Abe Rosenthal

Personal information
- Full name: Abram Wallace Rosenthal
- Date of birth: 12 October 1921
- Place of birth: Liverpool, England
- Date of death: February 1986 (aged 64)
- Place of death: Liverpool, England
- Position: Striker

Youth career
- Prescot Cables
- 1936–1939: Liverpool

Senior career*
- Years: Team / Apps / (Gls)
- 1939–1947: Tranmere Rovers / 27 / (8)
- 1947–1949: Bradford City / 44 / (11)
- 1949: Oldham Athletic / 0 / (0)
- 1949–1952: Tranmere Rovers / 69 / (24)
- 1952–1954: Bradford City / 63 / (32)
- 1954–1955: Tranmere Rovers / 21 / (3)
- 1955–1956: Bradford City / 1 / (0)
- Total:  / 225 / (78)

= Abe Rosenthal =

English footballer

Abram Wallace Rosenthal (12 October 1921 – February 1986), also known as Abraham Rosenthal, was an English professional footballer who played as a striker.
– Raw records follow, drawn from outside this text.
text \<open>The excluded sets \<open>S\<close> are those for which the word equals
  the zero, which is kept only as \<open>k = 0\<close>, \<open>S = {1..n}\<close>.\<close>

definition normal_forms :: "letter list set" where
  "normal_forms =
     {replicate k X @ map E (sorted_list_of_set S) | k S.
        k < n \<and> S \<subseteq> {Suc k..n} \<and> (0 < k \<longrightarrow> S \<noteq> {Suc k..n})}
   \<union> {replicate k Y @ map E (sorted_list_of_set S) | k S.
        0 < k \<and> k < n \<and> S \<subseteq> {1..n - k} \<and> S \<noteq> {1..n - k}}"

lemma zero_word_in_normal_forms: "zero_word \<in> normal_forms"
proof -
  have "zero_word = replicate 0 X @ map E (sorted_list_of_set {Suc 0..n})"
    by (simp add: zero_word_def sorted_list_of_set_atLeastAtMost)
  moreover have "0 < n"
    using two_le_n by simp
  ultimately show ?thesis
    unfolding normal_forms_def by (intro UnI1 CollectI exI[of _ 0] exI[of _ "{Suc 0..n}"]) simp
qed

lemma normal_formsE:
  assumes "w \<in> normal_forms"
  obtains (X_pow) k s where "w = replicate k X @ map E s" "k < n" "set s \<subseteq> {1..n}"
  | (Y_pow) k s where "w = replicate k Y @ map E s" "0 < k" "k < n" "set s \<subseteq> {1..n}"
  using assms unfolding normal_forms_def
proof (elim UnE CollectE exE conjE)
  fix k S
  assume "w = replicate k X @ map E (sorted_list_of_set S)" "k < n" "S \<subseteq> {Suc k..n}"
  moreover from \<open>S \<subseteq> {Suc k..n}\<close> have "S \<subseteq> {1..n}"
    by (rule order.trans) auto
  moreover from \<open>S \<subseteq> {1..n}\<close> have "finite S"
    by (rule finite_subset) simp
  ultimately show thesis
    using X_pow by simp
next
  fix k S
  assume "w = replicate k Y @ map E (sorted_list_of_set S)" "0 < k" "k < n" "S \<subseteq> {1..n - k}"
  moreover from \<open>S \<subseteq> {1..n - k}\<close> have "S \<subseteq> {1..n}"
    by (rule order.trans) auto
  moreover from \<open>S \<subseteq> {1..n}\<close> have "finite S"
    by (rule finite_subset) simp
  ultimately show thesis
    using Y_pow by simp
qed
Rosenthal was Jewish.

==Career==
Born in Liverpool, Rosenthal was an amateur at Prescot Cables, and hometown club Liverpool, before turning professional in 1939 with Tranmere Rovers. Rosenthal spent three spells with Tranmere, and also spent three spells at Bradford City. Rosenthal made a total of 225 appearances in the Football League, scoring 78 goals. He also played for Oldham Athletic.

He died in February 1986, aged 64, having collapsed at his home in Woolton, Liverpool, after chasing two intruders from his house.